Sinclair cautions that being smart is not itself an edge. Intelligence can help identify edge, but it often correlates with arrogance. Traders who are accustomed to solving problems intellectually may believe they can outthink markets, which are complex adaptive systems rather than engineered machines. This is particularly dangerous in markets with billions of participants. Self-awareness, not raw intelligence, is what prevents this trap.

Edge Is Messy and Small

Another key insight is that edge is inherently messy. Signal to noise ratios are low, and no amount of modeling can eliminate uncertainty. Traders must accept how little they truly know. Sinclair argues that instead of trying to perfect a single small edge, traders are better served by combining several modest edges. Robust combinations often outperform highly optimized but fragile strategies.

Implementation and Hedging

On execution, Sinclair distinguishes between good and bad hedging. Good hedging isolates the edge by removing unwanted exposures. Bad hedging attempts to reshape the return distribution simply to make it more emotionally comfortable, often destroying the original edge. Hedging for comfort, rather than survival, is a recurring mistake.

He emphasizes that profitable trading often involves providing a service others avoid, such as liquidity provision or selling insurance. Discomfort is not a bug of trading returns, it is the source of them.
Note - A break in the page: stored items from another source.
(* Let $r \geq 1$ be an integer. Then for every integer $n \geq 0$, $$\sum_{k=0}^{n} (-1)^k \frac{k!}{k+r}\, S(n,k) = \frac{1}{(r-1)!} \sum_{k=0}^{r-1} |s(r,k+1)|\, B_{n+k}.$$
   Context: For $n \geq 0$, $X^{\underline{n}} := X(X-1)\cdots(X-n+1)$ ($X^{\underline{0}}=1$). The (signed) Stirling numbers of the first kind $s(n,k)$ are defined by $X^{\underline{n}} = \sum_{k=0}^{n} s(n,k) X^k$, and the Stirling numbers of the second kind $S(n,k)$ by $X^n = \sum_{k=0}^{n} S(n,k) X^{\underline{k}}$ (for all $n\ge 0$), with $s(n,k)=S(n,k)=0$ when $n<k$. The Bernoulli numbers $B_n$ are defined by $\frac{t}{e^t-1} = \sum_{n\ge 0} B_n \frac{t^n}{n!}$. *)

theory Defs
  imports "HOL-Combinatorics.Stirling" "HOL-Computational_Algebra.Formal_Power_Series"
begin

text \<open>Bernoulli numbers, defined by the exponential generating function
  t / (e^t - 1) = sum_n B_n t^n / n!  (so B_1 = -1/2).\<close>
definition bernoulli_egf :: "real fps" where
  "bernoulli_egf = fps_X / (fps_exp 1 - 1)"

definition bernoulli :: "nat \<Rightarrow> real" where
  "bernoulli n = fact n * fps_nth bernoulli_egf n"

text \<open>Signed Stirling numbers of the first kind, as in the paper:
  X(X-1)...(X-n+1) = sum_k s(n,k) X^k.  The library's unsigned
  stirling n k satisfies |s(n,k)| = stirling n k.\<close>
definition stirling1_signed :: "nat \<Rightarrow> nat \<Rightarrow> int" where
  "stirling1_signed n k = (-1) ^ (n - k) * int (stirling n k)"

lemma bernoulli_sanity: "fps_nth (fps_X :: real fps) 1 = 1" by simp

end

theory Submission
  imports Defs
begin

(* Write L r n for the left-hand side. The Bernoulli numbers are the unique solution of
   sum (i<=m) C(m+1,i) B_i = [m = 0], i.e. of B(t) (e^t - 1) = t; exchanging the two sums and
   using S(m+1,k+1) = sum_j C(m,j) S(j,k) shows that L 1 solves it, so B_n = L 1 n.
   The recurrence S(n+1,k) = k S(n,k) + S(n,k-1) gives r L (r+1) n = L r (n+1) + r L r n,
   and this is exactly the recurrence |s(r+1,k+1)| = r |s(r,k+1)| + |s(r,k)| once
   (r-1)! L r n is expanded in Bernoulli numbers; induction on r concludes. *)

unbundle fps_syntax

lemma sum_Stirling_Suc:
  fixes a :: "nat \<Rightarrow> 'a::comm_semiring_1"
  shows "(\<Sum>k\<le>Suc n. a k * of_nat (Stirling (Suc n) k))
       = (\<Sum>k\<le>n. (of_nat k * a k + a (Suc k)) * of_nat (Stirling n k))"
proof -
  have "(\<Sum>k\<le>Suc n. a k * of_nat (Stirling (Suc n) k))
      = (\<Sum>k\<le>n. a (Suc k) * of_nat (Suc k) * of_nat (Stirling n (Suc k)))
        + (\<Sum>k\<le>n. a (Suc k) * of_nat (Stirling n k))"
    by (subst sum.atMost_Suc_shift) (simp add: sum.distrib[symmetric] algebra_simps)
  also have "(\<Sum>k\<le>n. a (Suc k) * of_nat (Suc k) * of_nat (Stirling n (Suc k)))
           = (\<Sum>k\<le>Suc n. of_nat k * a k * of_nat (Stirling n k))"
    by (subst sum.atMost_Suc_shift) (simp add: algebra_simps)
  also have "\<dots> = (\<Sum>k\<le>n. of_nat k * a k * of_nat (Stirling n k))"
    by simp
  finally show ?thesis
    by (simp add: sum.distrib[symmetric] algebra_simps)
qed

lemma sum_binomial_Suc:
  fixes f :: "nat \<Rightarrow> 'a::comm_semiring_1"
  shows "(\<Sum>j\<le>Suc m. of_nat (Suc m choose j) * f j)
       = (\<Sum>j\<le>m. of_nat (m choose j) * (f j + f (Suc j)))"
proof -
  have "(\<Sum>j\<le>Suc m. of_nat (Suc m choose j) * f j)
      = f 0 + (\<Sum>j\<le>m. of_nat (m choose Suc j) * f (Suc j))
        + (\<Sum>j\<le>m. of_nat (m choose j) * f (Suc j))"
    by (subst sum.atMost_Suc_shift) (simp add: sum.distrib algebra_simps)
  also have "f 0 + (\<Sum>j\<le>m. of_nat (m choose Suc j) * f (Suc j))
           = (\<Sum>j\<le>Suc m. of_nat (m choose j) * f j)"
    by (subst sum.atMost_Suc_shift) simp
  also have "\<dots> = (\<Sum>j\<le>m. of_nat (m choose j) * f j)"
    by (simp add: binomial_eq_0)
  finally show ?thesis
    by (simp add: sum.distrib algebra_simps)
qed

lemma Stirling_Suc_Suc_eq_sum_binomial:
  "Stirling (Suc m) (Suc k) = (\<Sum>j\<le>m. (m choose j) * Stirling j k)"
proof (induction m arbitrary: k)
  case 0
  show ?case by (cases k) auto
next
  case (Suc m)
  show ?case
  proof (cases k)
    case 0
    have "(\<Sum>j\<le>Suc m. (Suc m choose j) * Stirling j 0) = (\<Sum>j\<le>Suc m. if j = 0 then 1 else 0)"
      by (intro sum.cong refl) (auto simp: gr0_conv_Suc)
    then show ?thesis
      using 0 by (simp del: Stirling.simps)
  next
    case (Suc k')
    have "Stirling (Suc (Suc m)) (Suc k) = Suc k * Stirling (Suc m) (Suc k) + Stirling (Suc m) k"
      by simp
    also have "\<dots> = (\<Sum>j\<le>m. (m choose j) * (Suc k * Stirling j k + Stirling j k'))"
      using Suc.IH[of k] Suc.IH[of k'] Suc
      by (simp add: sum_distrib_left sum.distrib algebra_simps del: Stirling.simps)
    also have "\<dots> = (\<Sum>j\<le>m. (m choose j) * (Stirling j k + Stirling (Suc j) k))"
      using Suc by (simp add: algebra_simps)
    also have "\<dots> = (\<Sum>j\<le>Suc m. (Suc m choose j) * Stirling j k)"
      using sum_binomial_Suc[of m "\<lambda>j. Stirling j k"] by simp
    finally show ?thesis .
  qed
qed

lemma sum_binomial_Stirling:
  "(\<Sum>i\<le>m. (Suc m choose i) * Stirling i k) = Suc k * Stirling (Suc m) (Suc k)"
  using Stirling_Suc_Suc_eq_sum_binomial[of "Suc m" k] by simp

lemma sum_alternating_fact_Stirling:
  "(\<Sum>k\<le>n. (-1) ^ k * fact k * of_nat (Stirling (Suc n) (Suc k)) :: 'a::{comm_ring_1,ring_char_0})
     = (if n = 0 then 1 else 0)"
proof -
  define g :: "nat \<Rightarrow> 'a" where "g k = - ((-1) ^ k * fact k * of_nat (Stirling n k))" for k
  have "(\<Sum>k\<le>n. (-1) ^ k * fact k * of_nat (Stirling (Suc n) (Suc k)) :: 'a)
      = (\<Sum>k<Suc n. g (Suc k) - g k)"
    unfolding g_def by (intro sum.cong) (auto simp: algebra_simps)
  also have "\<dots> = - g 0"
    unfolding sum_lessThan_telescope by (simp add: g_def)
  finally show ?thesis
    by (cases n) (simp_all add: g_def)
qed

lemma bernoulli_eqI:
  assumes rec: "\<And>m. (\<Sum>i\<le>m. of_nat (Suc m choose i) * b i) = (if m = 0 then 1 else 0)"
  shows "bernoulli n = b n"
proof -
  define F where "F = Abs_fps (\<lambda>i. b i / fact i)"
  define E where "E = (fps_exp 1 - 1 :: real fps)"
  have E_nth: "E $ j = (if j = 0 then 0 else 1 / fact j)" for j
    by (simp add: E_def fps_exp_def)
  have "F * E = fps_X"
  proof (rule fps_ext)
    fix N
    show "(F * E) $ N = fps_X $ N"
    proof (cases N)
      case 0
      then show ?thesis
        by (simp add: E_nth)
    next
      case (Suc m)
      have "(F * E) $ N = (\<Sum>i\<le>Suc m. b i / fact i * E $ (Suc m - i))"
        by (simp add: fps_mult_nth F_def Suc atLeast0AtMost)
      also have "\<dots> = (\<Sum>i\<le>m. of_nat (Suc m choose i) * b i) / fact (Suc m)"
        by (simp add: E_nth sum_divide_distrib binomial_fact Suc_diff_le mult_ac)
      also have "\<dots> = fps_X $ N"
        by (simp add: rec Suc)
      finally show ?thesis .
    qed
  qed
  moreover have "E \<noteq> 0"
    using E_nth[of 1] by auto
  ultimately have "bernoulli_egf = F"
    unfolding bernoulli_egf_def E_def[symmetric] by (metis nonzero_mult_div_cancel_right)
  then have "bernoulli_egf $ n = F $ n"
    by (rule arg_cong)
  then show ?thesis
    by (simp add: bernoulli_def F_def)
qed

definition stirling_frac_sum :: "nat \<Rightarrow> nat \<Rightarrow> real" where
  "stirling_frac_sum r n = (\<Sum>k\<le>n. (-1) ^ k * fact k / real (k + r) * real (Stirling n k))"

lemma bernoulli_eq_stirling_frac_sum_1: "bernoulli n = stirling_frac_sum 1 n"
proof (rule bernoulli_eqI)
  fix m
  define c :: "nat \<Rightarrow> real" where "c k = (-1) ^ k * fact k / real (k + 1)" for k
  have "stirling_frac_sum 1 i = (\<Sum>k\<le>m. c k * real (Stirling i k))" if "i \<le> m" for i
    unfolding stirling_frac_sum_def c_def
    by (rule sum.mono_neutral_left) (use that in auto)
  then have "(\<Sum>i\<le>m. real (Suc m choose i) * stirling_frac_sum 1 i)
      = (\<Sum>i\<le>m. \<Sum>k\<le>m. real (Suc m choose i) * (c k * real (Stirling i k)))"
    by (simp add: sum_distrib_left)
  also have "\<dots> = (\<Sum>k\<le>m. c k * real (\<Sum>i\<le>m. (Suc m choose i) * Stirling i k))"
    by (subst sum.swap) (simp add: sum_distrib_left mult_ac)
  also have "\<dots> = (\<Sum>k\<le>m. (-1) ^ k * fact k * real (Stirling (Suc m) (Suc k)))"
    unfolding sum_binomial_Stirling
    by (intro sum.cong refl) (simp add: c_def field_simps del: Stirling.simps)
  also have "\<dots> = (if m = 0 then 1 else 0)"
    by (rule sum_alternating_fact_Stirling)
  finally show "(\<Sum>i\<le>m. real (Suc m choose i) * stirling_frac_sum 1 i) = (if m = 0 then 1 else 0)" .
qed

lemma stirling_frac_sum_Suc:
  assumes "r > 0"
  shows "real r * stirling_frac_sum (Suc r) n = stirling_frac_sum r (Suc n) + real r * stirling_frac_sum r n"
proof -
  define a where "a k = (-1) ^ k * fact k / real (k + r)" for k
  have term_eq: "real r * ((-1) ^ k * fact k / real (k + Suc r)) = real k * a k + a (Suc k) + real r * a k"
    for k
  proof -
    define x :: real where "x = (-1) ^ k * fact k"
    have "a k = x / (real k + real r)" and "a (Suc k) = - (real k + 1) * x / (real k + real r + 1)"
      by (simp_all add: a_def x_def algebra_simps)
    moreover have "real k + real r > 0"
      using assms by simp
    ultimately show ?thesis
      unfolding x_def[symmetric] by (simp add: field_simps)
  qed
  have "real r * stirling_frac_sum (Suc r) n
      = (\<Sum>k\<le>n. (real k * a k + a (Suc k) + real r * a k) * real (Stirling n k))"
    unfolding stirling_frac_sum_def sum_distrib_left
    by (intro sum.cong refl) (simp only: term_eq[symmetric] mult.assoc)
  also have "\<dots> = stirling_frac_sum r (Suc n) + real r * stirling_frac_sum r n"
    using sum_Stirling_Suc[of a n]
    by (simp add: stirling_frac_sum_def a_def sum_distrib_left sum.distrib algebra_simps)
  finally show ?thesis .
qed

lemma sum_stirling_Suc_Suc:
  fixes b :: "nat \<Rightarrow> 'a::comm_semiring_1"
  shows "(\<Sum>k\<le>Suc q. of_nat (stirling (Suc (Suc q)) (Suc k)) * b k)
       = of_nat (Suc q) * (\<Sum>k\<le>q. of_nat (stirling (Suc q) (Suc k)) * b k)
         + (\<Sum>k\<le>q. of_nat (stirling (Suc q) (Suc k)) * b (Suc k))"
proof -
  have "(\<Sum>k\<le>Suc q. of_nat (stirling (Suc (Suc q)) (Suc k)) * b k)
      = of_nat (Suc q) * (\<Sum>k\<le>Suc q. of_nat (stirling (Suc q) (Suc k)) * b k)
        + (\<Sum>k\<le>Suc q. of_nat (stirling (Suc q) k) * b k)"
    by (simp add: sum.distrib sum_distrib_left algebra_simps)
  also have "(\<Sum>k\<le>Suc q. of_nat (stirling (Suc q) k) * b k)
           = (\<Sum>k\<le>q. of_nat (stirling (Suc q) (Suc k)) * b (Suc k))"
    by (subst sum.atMost_Suc_shift) simp
  finally show ?thesis
    by simp
qed

lemma fact_mult_stirling_frac_sum:
  "fact q * stirling_frac_sum (Suc q) n = (\<Sum>k\<le>q. real (stirling (Suc q) (Suc k)) * bernoulli (n + k))"
proof (induction q arbitrary: n)
  case 0
  show ?case
    by (simp add: bernoulli_eq_stirling_frac_sum_1)
next
  case (Suc q)
  have "fact (Suc q) * stirling_frac_sum (Suc (Suc q)) n
      = fact q * (real (Suc q) * stirling_frac_sum (Suc (Suc q)) n)"
    by simp
  also have "\<dots> = fact q * stirling_frac_sum (Suc q) (Suc n)
                 + real (Suc q) * (fact q * stirling_frac_sum (Suc q) n)"
    by (subst stirling_frac_sum_Suc) (simp_all add: algebra_simps)
  also have "\<dots> = (\<Sum>k\<le>Suc q. real (stirling (Suc (Suc q)) (Suc k)) * bernoulli (n + k))"
    unfolding Suc.IH sum_stirling_Suc_Suc by (simp add: add.commute)
  finally show ?case .
qed

theorem theorem5:
  fixes r n :: nat
  assumes "r \<ge> 1"
  shows "(\<Sum>k\<le>n. (-1) ^ k * fact k / real (k + r) * real (Stirling n k))
       = 1 / fact (r - 1) * (\<Sum>k\<le>r - 1. \<bar>real_of_int (stirling1_signed r (k + 1))\<bar> * bernoulli (n + k))"
proof -
  obtain q where r: "r = Suc q"
    using assms by (cases r) auto
  have "\<bar>real_of_int (stirling1_signed r (k + 1))\<bar> = real (stirling r (Suc k))" for k
    by (simp add: stirling1_signed_def abs_mult)
  then show ?thesis
    using fact_mult_stirling_frac_sum[of q n]
    by (simp add: r stirling_frac_sum_def field_simps)
qed

end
Risk Management and Robustness

Risk management, according to Sinclair, should never be improvised. Decisions must be planned in advance, when emotions are calm. Simple, pre-committed rules outperform complex optimizations, especially for individual traders. Robustness matters more than optimality because markets constantly change. Overfitting risk management frameworks is just as dangerous as overfitting strategies.

He advocates for intuitive portfolio construction, grouping correlated exposures together, and sizing positions based on what allows a trader to sleep at night. If a position causes stress, it is too large.
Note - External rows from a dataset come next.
lemma exists_sin_eq_1_between: "\<exists>s. u \<le> s \<and> s \<le> u + 2 * pi \<and> sin s = 1"
proof -
  define v where "v = u / pi"
  define n where "n = \<lceil>(v - 1 / 2) / 2\<rceil>"
  define s where "s = (2 * real_of_int n + 1 / 2) * pi"
  have "(v - 1 / 2) / 2 \<le> n" "n \<le> (v - 1 / 2) / 2 + 1"
    unfolding n_def by (rule le_of_int_ceiling, rule of_int_ceiling_le_add_one)
  then have "v \<le> 2 * real_of_int n + 1 / 2" "2 * real_of_int n + 1 / 2 \<le> v + 2"
    by (simp_all add: field_simps)
  then have "v * pi \<le> s" "s \<le> (v + 2) * pi"
    unfolding s_def by (simp_all add: mult_right_mono)
  moreover have "u = v * pi"
    by (simp add: v_def)
  moreover have "sin s = 1"
    unfolding sin_eq_1 s_def by (intro exI[of _ n]) simp
  ultimately show ?thesis
    by (auto simp: distrib_right)
qed

lemma exists_sin_powr_eq_1:
  fixes \<alpha> d :: real
  assumes "1 \<le> \<alpha>" "0 < d" "d \<le> 1 / 8"
  shows "\<exists>t\<in>{d / 2..d}. sin (t powr - \<alpha>) = 1"
proof -
  define u where "u = d powr - \<alpha>"
  have "8 \<le> d powr - 1"
    using assms(2,3) by (simp add: powr_minus_divide field_simps)
  also have "d powr - 1 \<le> u"
    unfolding u_def using assms by (intro powr_mono') auto
  finally have "8 \<le> u" .
  obtain s where s: "u \<le> s" "s \<le> u + 2 * pi" "sin s = 1"
    using exists_sin_eq_1_between by blast
  have "0 < u" "s \<le> 2 * u"
    \<comment> \<open>this is where d \<le> 1/8 is used: u \<ge> 8 > 2 pi\<close>
    using \<open>8 \<le> u\<close> s(2) pi_less_4 by linarith+
  define t where "t = s powr (- 1 / \<alpha>)"
  have "t powr - \<alpha> = s"
    unfolding t_def powr_powr using assms(1) \<open>0 < u\<close> s(1) by simp
  moreover have "t \<le> u powr (- 1 / \<alpha>)"
    unfolding t_def using assms(1) \<open>0 < u\<close> s(1) by (intro powr_mono2') auto
  moreover have "u powr (- 1 / \<alpha>) = d"
    unfolding u_def powr_powr using assms(1,2) by simp
  moreover have "d / 2 \<le> t"
  proof -
    have "d / 2 = 2 powr - 1 * d"
      by (simp add: powr_minus_divide)
    also have "\<dots> \<le> 2 powr (- 1 / \<alpha>) * d"
      using assms(1,2) by (intro mult_right_mono powr_mono) (auto simp: field_simps)
    also have "\<dots> = (2 * u) powr (- 1 / \<alpha>)"
      unfolding powr_mult u_def powr_powr using assms(1,2) by simp
    also have "\<dots> \<le> t"
      unfolding t_def using assms(1) \<open>0 < u\<close> s(1) \<open>s \<le> 2 * u\<close> by (intro powr_mono2') auto
    finally show ?thesis .
  qed
  ultimately show ?thesis
    using s(3) by auto
qed

lemma not_differentiable_within_if_sqrt_growth:
  fixes f :: "real \<Rightarrow> real"
  assumes "\<And>\<epsilon>. 0 < \<epsilon> \<Longrightarrow> \<exists>y\<in>S. y \<noteq> x \<and> \<bar>y - x\<bar> < \<epsilon> \<and> \<bar>y - x\<bar> \<le> c * (f y - f x)\<^sup>2"
  shows "\<not> f differentiable (at x within S)"
proof
  assume "f differentiable (at x within S)"
  then obtain D where "(f has_derivative (\<lambda>h. D * h)) (at x within S)"
    unfolding real_differentiable_def has_field_derivative_def by blast
  then obtain r where "0 < r"
    and r: "\<And>y. y \<in> S \<Longrightarrow> \<bar>y - x\<bar> < r \<Longrightarrow> \<bar>f y - f x - D * (y - x)\<bar> \<le> \<bar>y - x\<bar>"
    unfolding has_derivative_within_alt by (metis real_norm_def mult_1 zero_less_one)
  define C where "C = \<bar>D\<bar> + 1"
  have lipschitz: "\<bar>f y - f x\<bar> \<le> C * \<bar>y - x\<bar>" if "y \<in> S" "\<bar>y - x\<bar> < r" for y
    using r[OF that] abs_triangle_ineq[of "f y - f x - D * (y - x)" "D * (y - x)"]
    by (simp add: C_def abs_mult distrib_right)
  define \<epsilon> where "\<epsilon> = min r (1 / (\<bar>c\<bar> * C\<^sup>2 + 1))"
  have "0 < \<epsilon>"
    using \<open>0 < r\<close> by (simp add: \<epsilon>_def add_nonneg_pos)
  then obtain y where y: "y \<in> S" "y \<noteq> x" "\<bar>y - x\<bar> < \<epsilon>" "\<bar>y - x\<bar> \<le> c * (f y - f x)\<^sup>2"
    using assms by blast
  define h where "h = \<bar>y - x\<bar>"
  have "0 < h" "h < r" "h * (\<bar>c\<bar> * C\<^sup>2 + 1) < 1"
    using y(2,3) by (auto simp: h_def \<epsilon>_def pos_less_divide_eq add_nonneg_pos)
  have "h \<le> \<bar>c\<bar> * (f y - f x)\<^sup>2"
    using y(4) abs_ge_self[of c] zero_le_power2[of "f y - f x"] unfolding h_def
    by (meson mult_right_mono order_trans)
  also have "\<dots> \<le> \<bar>c\<bar> * (C * h)\<^sup>2"
    using lipschitz[OF y(1)] \<open>h < r\<close> unfolding h_def
    by (intro mult_left_mono) (auto simp: abs_le_square_iff[symmetric] C_def)
  finally have "1 \<le> \<bar>c\<bar> * C\<^sup>2 * h"
    using \<open>0 < h\<close> by (simp add: power2_eq_square algebra_simps)
  with \<open>h * (\<bar>c\<bar> * C\<^sup>2 + 1) < 1\<close> \<open>0 < h\<close> show False
    by (simp add: algebra_simps)
qed

definition svc_width :: "nat \<Rightarrow> real" where
  "svc_width n = (1 / 2 ^ n + 1 / 4 ^ n) / 2"

lemma svc_width_pos: "0 < svc_width n"
  by (simp add: svc_width_def add_pos_pos)

lemma svc_width_le: "svc_width n \<le> 1 / 2 ^ n"
proof -
  have "(2::real) ^ n \<le> 4 ^ n"
    by (rule power_mono) auto
  then have "1 / 4 ^ n \<le> (1::real) / 2 ^ n"
    by (simp add: frac_le)
  then show ?thesis
    unfolding svc_width_def by simp
qed

lemma svc_width_Suc: "svc_width (Suc n) = svc_width n / 2 - 1 / 2 ^ (2 * Suc n + 1)"
proof -
  have "(2::real) ^ (2 * Suc n + 1) = 8 * (2 ^ n * 2 ^ n)" and "(4::real) ^ n = 2 ^ n * 2 ^ n"
    by (simp_all add: power_add power_mult flip: power_mult_distrib)
  then show ?thesis
    by (simp add: svc_width_def field_simps)
qed

lemma mem_svc_split_iff:
  "(c, d) \<in> set (svc_split k (p, q)) \<longleftrightarrow>
     c = p \<and> d = (p + q) / 2 - 1 / 2 ^ (2 * k + 1) \<or> c = (p + q) / 2 + 1 / 2 ^ (2 * k + 1) \<and> d = q"
  by (auto simp: svc_split_def)

lemma svc_split_subset_width:
  assumes "(c, d) \<in> set (svc_split (Suc n) (p, q))" and "q - p = svc_width n"
  shows "p \<le> c" "d \<le> q" "d - c = svc_width (Suc n)"
proof -
  define e :: real where "e = 1 / 2 ^ (2 * Suc n + 1)"
  have "c = p \<and> d = (p + q) / 2 - e \<or> c = (p + q) / 2 + e \<and> d = q"
    using assms(1) by (simp add: mem_svc_split_iff e_def)
  moreover have "0 < e" "svc_width (Suc n) = svc_width n / 2 - e"
    by (simp_all add: e_def svc_width_Suc)
  moreover note svc_width_pos[of "Suc n"]
  ultimately show "p \<le> c" "d \<le> q" "d - c = svc_width (Suc n)"
    using assms(2) by (auto simp: field_simps)
qed

lemma svc_intervals_width: "(a, b) \<in> set (svc_intervals n) \<Longrightarrow> b - a = svc_width n"
proof (induction n arbitrary: a b)
  case 0
  then show ?case by (simp add: svc_width_def)
next
  case (Suc n)
  then obtain p q where "(p, q) \<in> set (svc_intervals n)" "(a, b) \<in> set (svc_split (Suc n) (p, q))"
    by auto
  with Suc.IH svc_split_subset_width show ?case by blast
qed

lemma svc_intervals_less:
  assumes "(a, b) \<in> set (svc_intervals n)"
  shows "a < b"
  using svc_intervals_width[OF assms] svc_width_pos[of n] by linarith

lemma svc_intervals_Suc_subset:
  assumes "(c, d) \<in> set (svc_intervals (Suc n))"
  obtains p q where "(p, q) \<in> set (svc_intervals n)" "p \<le> c" "d \<le> q"
  using assms svc_split_subset_width svc_intervals_width by fastforce

lemma sorted_svc_intervals: "sorted_wrt (\<lambda>I J. snd I < fst J) (svc_intervals n)"
proof (induction n)
  case 0
  then show ?case by simp
next
  case (Suc n)
  have "sorted_wrt (\<lambda>I J. snd I < fst J) (concat (map (svc_split (Suc n)) xs))"
    if "sorted_wrt (\<lambda>I J. snd I < fst J) xs" and "set xs \<subseteq> set (svc_intervals n)" for xs
    using that
  proof (induction xs)
    case Nil
    then show ?case by simp
  next
    case (Cons pq xs)
    obtain p q where pq: "pq = (p, q)" and width: "q - p = svc_width n"
      using Cons.prems(2) svc_intervals_width by (cases pq) auto
    have "d < c'"
      if "(c, d) \<in> set (svc_split (Suc n) (p, q))" and "(p', q') \<in> set xs"
        and "(c', d') \<in> set (svc_split (Suc n) (p', q'))" for c d p' q' c' d'
    proof -
      have "d \<le> q" using that(1) width by (rule svc_split_subset_width)
      also have "q < p'" using Cons.prems(1) that(2) pq by auto
      also have "p' \<le> c'"
        using that(2,3) Cons.prems(2) svc_split_subset_width svc_intervals_width by fastforce
      finally show ?thesis .
    qed
    moreover have "sorted_wrt (\<lambda>I J. snd I < fst J) (svc_split (Suc n) (p, q))"
      using width svc_width_pos[of "Suc n"] by (auto simp: svc_split_def svc_width_Suc)
    ultimately show ?case
      using Cons by (fastforce simp: pq sorted_wrt_append)
  qed
  with Suc.IH show ?case by simp
qed

lemma svc_intervals_separated:
  assumes "I \<in> set (svc_intervals n)" "J \<in> set (svc_intervals n)" "I \<noteq> J"
  shows "snd I < fst J \<or> snd J < fst I"
proof -
  have "sorted_wrt P xs \<Longrightarrow> I \<in> set xs \<Longrightarrow> J \<in> set xs \<Longrightarrow> P I J \<or> P J I" for P xs
    using assms(3) by (induction xs) auto
  with sorted_svc_intervals assms(1,2) show ?thesis by blast
qed

lemma mem_svc_level_iff:
  "x \<in> svc_level n \<longleftrightarrow> (\<exists>a b. (a, b) \<in> set (svc_intervals n) \<and> a \<le> x \<and> x \<le> b)"
  unfolding svc_level_def by force

lemma svc_intervals_subset_svc_level:
  "(a, b) \<in> set (svc_intervals n) \<Longrightarrow> {a..b} \<subseteq> svc_level n"
  unfolding svc_level_def by blast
Trading Psychology and Practical Tools

While skeptical of much of the trading psychology industry, Sinclair acknowledges psychology as a critical failure point when done poorly. Without edge and risk management, psychology is irrelevant. But poor psychology can easily sabotage good strategies.
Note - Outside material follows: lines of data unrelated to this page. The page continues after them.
(* Slenderness and half-lenses are invariant under the similarities v \<mapsto> a + b v, so we
   may take x = 0 and y = 1. Along a slender side the distance to 0 grows and the distance to
   1 shrinks, hence Re grows strictly and the side is the graph of a continuous function over
   [0,1]. By the Jordan curve theorem, and because a simply connected set contains the inside
   of every simple loop in it, the adornment is exactly the region between the two graphs, and
   the base forces one graph above and one below the real axis. If z lies in the upper part
   and w in its lens with Im w \<ge> 0, then comparing w with the point of the upper graph above
   Re w (by its distance to 1 if Re w \<le> Re z, by its distance to 0 otherwise) shows that w
   lies below that graph, hence in the adornment. In the symmetric case the lens of z is the
   union of the half-lenses of z and of its mirror image. *)

section \<open>Similarities of the plane\<close>

lemma homeomorphism_affine_complex:
  fixes a b :: complex
  assumes "b \<noteq> 0"
  shows "homeomorphism UNIV UNIV (\<lambda>v. a + b * v) (\<lambda>v. (v - a) / b)"
  using assms by (intro homeomorphismI) (auto intro!: continuous_intros simp: field_simps image_iff)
He draws from cognitive behavioral therapy, emphasizing practical tools rather than abstract advice. Writing down emotional reactions, externalizing negative thoughts, and reframing events help traders recognize when they are catastrophizing. These techniques do not eliminate emotions, but they prevent emotions from dictating decisions.

Market Structure and Volatility

The discussion also touches on structural changes in markets, including the rise of the IBIT Bitcoin ETF and increasing concentration in major equity indices. Sinclair notes that such changes alter volatility dynamics and render long historical backtests less relevant. Markets evolve, and traders must adapt rather than assume the past cleanly maps onto the present.

In periods of extreme volatility, Sinclair views dislocations as opportunities rather than threats, provided risk has been managed in advance. The real danger is not losing money during volatility, but losing so much that one cannot trade when the best opportunities appear.

Key Takeaways / Conclusion

This episode highlights that successful trading is less about prediction or brilliance but about humility, preparation, and robustness. Real edge is small, messy, and rooted in human behavior, while long-term success comes from robust execution, simple risk management, and self-awareness. Discomfort is often the price of returns, not a flaw in the strategy.

As markets evolve, the core principles remain the same: isolate true edge, manage risk before stress arrives, and focus on staying in the game. Traders who prioritize robustness over perfection are best positioned to succeed over the long run.